Laura (55 ans), l'une des trois filles du réalisateur, est installée depuis trente ans en Californie, un État où son "père était très apprécié dans les années 70", se souvient-elle, dans un entretien accordé à l'AFP. "Les studios passaient leur temps à lui proposer des choses", ajoute-t-elle. Sa mère est Madeleine, fille d'Ignace Morgenstern, propriétaire de la société de distribution cinématographique Cocinor. Et ses parents, qui auront une seconde fille, Eva (53 ans), divorceront en 1964.
François Truffaut et Hollywood
Mais s'il y était tant réclamé, pourquoi François Truffaut n'a-t-il jamais tourné à Hollywood ? "Il n'avait pas eu une bonne expérience en Angleterre sur le tournage de Fahrenheit 451, explique Laura Truffaut. La difficulté avec la langue comptait beaucoup pour lui, c'était un gros obstacle. Autant il aimait profondément le cinéma américain, autant il se doutait bien qu'un metteur en scène aux États-Unis n'a généralement pas le contrôle qu'il peut avoir en France. Et je crois que c'est quelque chose qui le troublait."
C'est devant la caméra de Steven Spielberg qu'on le verra, dans Rencontres du troisième type en 1977, dans la peau du professeur Lacombe. "Être acteur sur le film de Spielberg lui a permis d'observer le système des studios de très près, la lourdeur des mécanismes et de la hiérarchie", dit-elle. "Mais il a beaucoup aimé cette expérience en tant qu'acteur", entre les mains d'un réalisateur qu'il appréciait et dont il se savait apprécié. "Spielberg et mon père partageaient le plaisir de diriger des enfants. D'ailleurs, Spielberg parlait déjà de son projet de E.T., mais d'une manière très différente : il pensait alors que ce serait un petit film, observe-t-elle. Ils partageaient aussi le goût du récit, le plaisir de raconter une histoire, et avaient certaines influences en commun.""Il ne pouvait pas s'imaginer faire autre chose que du cinéma"

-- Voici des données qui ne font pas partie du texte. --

definition graded_component ::
  "(('v, 'k) mpoly set \<Rightarrow> ('v, 'k) mpoly set) \<Rightarrow> nat \<Rightarrow> ('v \<Rightarrow>\<^sub>0 nat) \<Rightarrow> ('v \<Rightarrow>\<^sub>0 nat) \<Rightarrow>
    ('v, 'k) mpoly set \<Rightarrow> ('v, 'k) mpoly set" where
  "graded_component \<phi> q b c x = proj (graded_part \<phi> q b c (SOME u. x = proj u))"

context
  fixes \<phi> :: "('v, 'k) mpoly set \<Rightarrow> ('v, 'k) mpoly set" and p e :: nat and b c :: "'v \<Rightarrow>\<^sub>0 nat"
  assumes \<phi>: "\<phi> \<in> frob_hom R p e" and char: "p = CHAR('k)" "prime p"
begin

abbreviation q where "q \<equiv> p ^ e"
abbreviation L where "L \<equiv> lift_map \<phi>"
abbreviation \<Psi> where "\<Psi> \<equiv> graded_part \<phi> q b c"

lemma proj_lift: "proj (L u) = \<phi> (proj u)"
  using Q.frob_homD(1)[OF \<phi>] by (simp add: proj_lift_map)

lemma lift_in_I: "u \<in> I \<Longrightarrow> L u \<in> I"
  using proj_lift[of u] Q.frob_hom_zero[OF \<phi>] by (simp add: flip: proj_eq_zero_iff)

lemma proj_lift_add: "proj (L (u + v)) = proj (L u + L v)"
  using Q.frob_homD(2)[OF \<phi>] by (simp add: proj_lift proj_add)

lemma proj_lift_frob: "proj (L (g ^ q * t)) = proj (g * L t)"
  using Q.frob_homD(3)[OF \<phi>] by (simp add: proj_lift proj_mult proj_power)

lemma proj_graded_part_superset:
  assumes "finite A" "keys u \<subseteq> A"
  shows "proj (\<Psi> u) = proj (\<Sum>a\<in>A. restrict_keys (degree_fiber q b c a) (L (term_at a u)))"
proof -
  let ?f = "\<lambda>a. restrict_keys (degree_fiber q b c a) (L (term_at a u))"
  have "sum ?f A = sum ?f (keys u) + sum ?f (A - keys u)"
    using sum.subset_diff[OF assms(2,1), of ?f] by (simp only: add.commute)
  moreover have "sum ?f (A - keys u) \<in> I"
    using lift_in_I[OF ideal_polyring_zero[OF ideal_I]] by (intro ideal_polyring_sum[OF ideal_I])
      (auto simp: term_at_not_in_keys intro: restrict_keys_in_I)
  ultimately show ?thesis
    unfolding graded_part_def proj_eq_iff by (simp add: ideal_polyring_uminus[OF ideal_I])
qed

lemma proj_graded_part_add: "proj (\<Psi> (u + v)) = proj (\<Psi> u + \<Psi> v)"
proof -
  let ?A = "keys u \<union> keys v"
  let ?f = "\<lambda>w a. restrict_keys (degree_fiber q b c a) (L (term_at a w))"
  have "proj (\<Psi> (u + v)) = proj (sum (?f (u + v)) ?A)"
    by (rule proj_graded_part_superset) (auto simp: keys_add)
  also have "\<dots> = proj (\<Sum>a\<in>?A. ?f u a + ?f v a)"
    by (rule proj_sum_cong) (metis proj_lift_add proj_restrict_keys_cong restrict_keys_add term_at_add)
  also have "\<dots> = proj (sum (?f u) ?A + sum (?f v) ?A)"
    by (simp add: sum.distrib)
  also have "\<dots> = proj (\<Psi> u + \<Psi> v)"
    using proj_graded_part_superset[of ?A u] proj_graded_part_superset[of ?A v] by (simp add: proj_add)
  finally show ?thesis .
qed

lemma graded_part_in_I: "u \<in> I \<Longrightarrow> \<Psi> u \<in> I"
  unfolding graded_part_def
  by (rule ideal_polyring_sum[OF ideal_I]) (auto intro!: restrict_keys_in_I lift_in_I term_at_in_I)

lemma proj_graded_part_cong:
  assumes "proj u = proj v"
  shows "proj (\<Psi> u) = proj (\<Psi> v)"
proof -
  have "\<Psi> (u - v) \<in> I" using assms by (simp add: proj_eq_iff graded_part_in_I)
  then have "proj (\<Psi> v + \<Psi> (u - v)) = proj (\<Psi> v)"
    by (simp add: proj_add flip: proj_eq_zero_iff)
  then show ?thesis
    using proj_graded_part_add[of v "u - v"] by simp
qed

lemma proj_graded_part_sum: "proj (\<Psi> (sum f A)) = proj (\<Sum>i\<in>A. \<Psi> (f i))"
proof (induct A rule: infinite_finite_induct)
  case (insert x F)
  then show ?case
    using proj_graded_part_add[of "f x" "sum f F"] by (simp add: proj_add)
qed (simp_all add: graded_part_def)

lemma graded_part_single:
  "l \<noteq> 0 \<Longrightarrow> \<Psi> (Poly_Mapping.single a l) = restrict_keys (degree_fiber q b c a) (L (Poly_Mapping.single a l))"
  by (simp add: graded_part_def term_at_def)

lemma proj_graded_part_frob_monomial:
  "proj (\<Psi> (Poly_Mapping.single a' \<kappa> ^ q * Poly_Mapping.single a l))
     = proj (Poly_Mapping.single a' \<kappa> * \<Psi> (Poly_Mapping.single a l))"
proof (cases "\<kappa> = 0 \<or> l = 0")
  case True
  have "(0::('v, 'k) mpoly) ^ q = 0" using char(2) prime_gt_0_nat by (simp add: power_0_left)
  with True show ?thesis by (auto simp: graded_part_def)
next
  case False
  let ?g = "Poly_Mapping.single a' \<kappa>" and ?t = "Poly_Mapping.single a l"
  let ?E = "Poly_Mapping.map ((*) q) a' + a"
  have prod: "?g ^ q * ?t = Poly_Mapping.single ?E (\<kappa> ^ q * l)"
    by (simp add: single_power mult_single)
  have "proj (\<Psi> (?g ^ q * ?t)) = proj (restrict_keys (degree_fiber q b c ?E) (L (?g ^ q * ?t)))"
    using False by (simp add: prod graded_part_single)
  also have "\<dots> = proj (restrict_keys (degree_fiber q b c ?E) (?g * L ?t))"
    by (rule proj_restrict_keys_cong) (rule proj_lift_frob)
  also have "\<dots> = proj (?g * restrict_keys (degree_fiber q b c a) (L ?t))"
    by (simp add: restrict_keys_single_mult degree_fiber_shift)
  also have "\<dots> = proj (?g * \<Psi> ?t)"
    using False by (simp add: graded_part_single)
  finally show ?thesis .
qed

lemma proj_graded_part_frob_term:
  "proj (\<Psi> (Poly_Mapping.single a' \<kappa> ^ q * t)) = proj (Poly_Mapping.single a' \<kappa> * \<Psi> t)"
proof -
  let ?g = "Poly_Mapping.single a' \<kappa>"
  have "proj (\<Psi> (?g ^ q * t)) = proj (\<Psi> (\<Sum>y\<in>keys t. ?g ^ q * term_at y t))"
    by (simp add: sum_term_at flip: sum_distrib_left)
  also have "\<dots> = proj (\<Sum>y\<in>keys t. \<Psi> (?g ^ q * term_at y t))"
    by (rule proj_graded_part_sum)
  also have "\<dots> = proj (\<Sum>y\<in>keys t. ?g * \<Psi> (term_at y t))"
    by (rule proj_sum_cong) (simp add: term_at_def proj_graded_part_frob_monomial)
  also have "\<dots> = proj ?g \<otimes>\<^bsub>R\<^esub> proj (\<Psi> (\<Sum>y\<in>keys t. term_at y t))"
    using proj_graded_part_sum[of "\<lambda>y. term_at y t" "keys t"]
    by (simp add: proj_mult flip: sum_distrib_left)
  also have "\<dots> = proj (?g * \<Psi> t)"
    by (simp add: proj_mult sum_term_at)
  finally show ?thesis .
qed

lemma proj_graded_part_frob: "proj (\<Psi> (g ^ q * t)) = proj (g * \<Psi> t)"
proof -
  have "g ^ q = (\<Sum>y\<in>keys g. term_at y g) ^ q" by (simp add: sum_term_at)
  also have "\<dots> = (\<Sum>y\<in>keys g. term_at y g ^ q)"
    by (rule freshmans_dream_sum') (use char in \<open>simp_all add: CHAR_mpoly\<close>)
  finally have "g ^ q * t = (\<Sum>y\<in>keys g. term_at y g ^ q * t)" by (simp add: sum_distrib_right)
  then have "proj (\<Psi> (g ^ q * t)) = proj (\<Sum>y\<in>keys g. \<Psi> (term_at y g ^ q * t))"
    by (simp add: proj_graded_part_sum)
  also have "\<dots> = proj (\<Sum>y\<in>keys g. term_at y g * \<Psi> t)"
    by (rule proj_sum_cong) (simp add: term_at_def proj_graded_part_frob_term)
  also have "\<dots> = proj (g * \<Psi> t)"
    by (simp add: sum_term_at flip: sum_distrib_right)
  finally show ?thesis .
qed

lemma graded_component_proj: "graded_component \<phi> q b c (proj u) = proj (\<Psi> u)"
  unfolding graded_component_def by (rule proj_graded_part_cong) (metis (mono_tags) someI_ex)

lemma graded_component_frob_hom: "graded_component \<phi> q b c \<in> frob_hom R p e"
  unfolding frob_hom_def
proof (intro CollectI conjI ballI)
  show "graded_component \<phi> q b c \<in> carrier R \<rightarrow> carrier R"
    by (auto simp: graded_component_def)
  fix x y assume "x \<in> carrier R" "y \<in> carrier R"
  then obtain u v where x: "x = proj u" and y: "y = proj v" by (auto simp: carrier_quotient)
  show "graded_component \<phi> q b c (x \<oplus>\<^bsub>R\<^esub> y) = graded_component \<phi> q b c x \<oplus>\<^bsub>R\<^esub> graded_component \<phi> q b c y"
    using proj_graded_part_add[of u v] by (simp add: x y graded_component_proj proj_add flip: proj_add)
  show "graded_component \<phi> q b c (x [^]\<^bsub>R\<^esub> q \<otimes>\<^bsub>R\<^esub> y) = x \<otimes>\<^bsub>R\<^esub> graded_component \<phi> q b c y"
    using proj_graded_part_frob[of u v]
    by (simp add: x y graded_component_proj proj_mult flip: proj_power proj_mult)
qed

La fille de François Truffaut reviendra plus précisément sur le travail d'acteur de son père. Elle pense "qu'il devait aimer cela davantage qu'il ne voulait l'avouer". Pour L'Enfant sauvage (1969), où il interprète le rôle du Docteur Itard, "il a longtemps dit qu'il considérait que le rôle essentiel était celui de l'enfant et qu'il serait injuste d'engager un acteur adulte qui se sentirait frustré d'être en permanence en retrait. Personnellement, je pense qu'il avait très envie de jouer ce rôle. Il ne voyait personne à sa place. Sans doute aussi parce qu'il y avait chez mon père un goût indéniable pour la pédagogie, très perceptible dans L'Enfant sauvage".
François Truffaut "ne pouvait pas s'imaginer [faire] autre chose que du cinéma, indique sa fille. C'était sa passion, c'était son loisir, quand il avait du temps libre, il lisait et il allait au cinéma. C'était l'essentiel de ce qui l'intéressait dans la vie, et il ne pouvait pas concevoir d'autre métier."
À noter qu'un hommage à François Truffaut sera le point fort du 17e Festival du cinéma français de Cuba qui présentera vingt films du 2 au 25 mai à La Havane, comme l'ont annoncé jeudi ses organisateurs. Quatre films - Les Quatre Cents Coups, Jules et Jim, Le Dernier Métro, Vivement dimanche - du réalisateur de la Nouvelle Vague figurent au menu de ce festival qui s'ouvrira le 2 mai avec la projection de Comme des Frères, d'Hugo Gélin.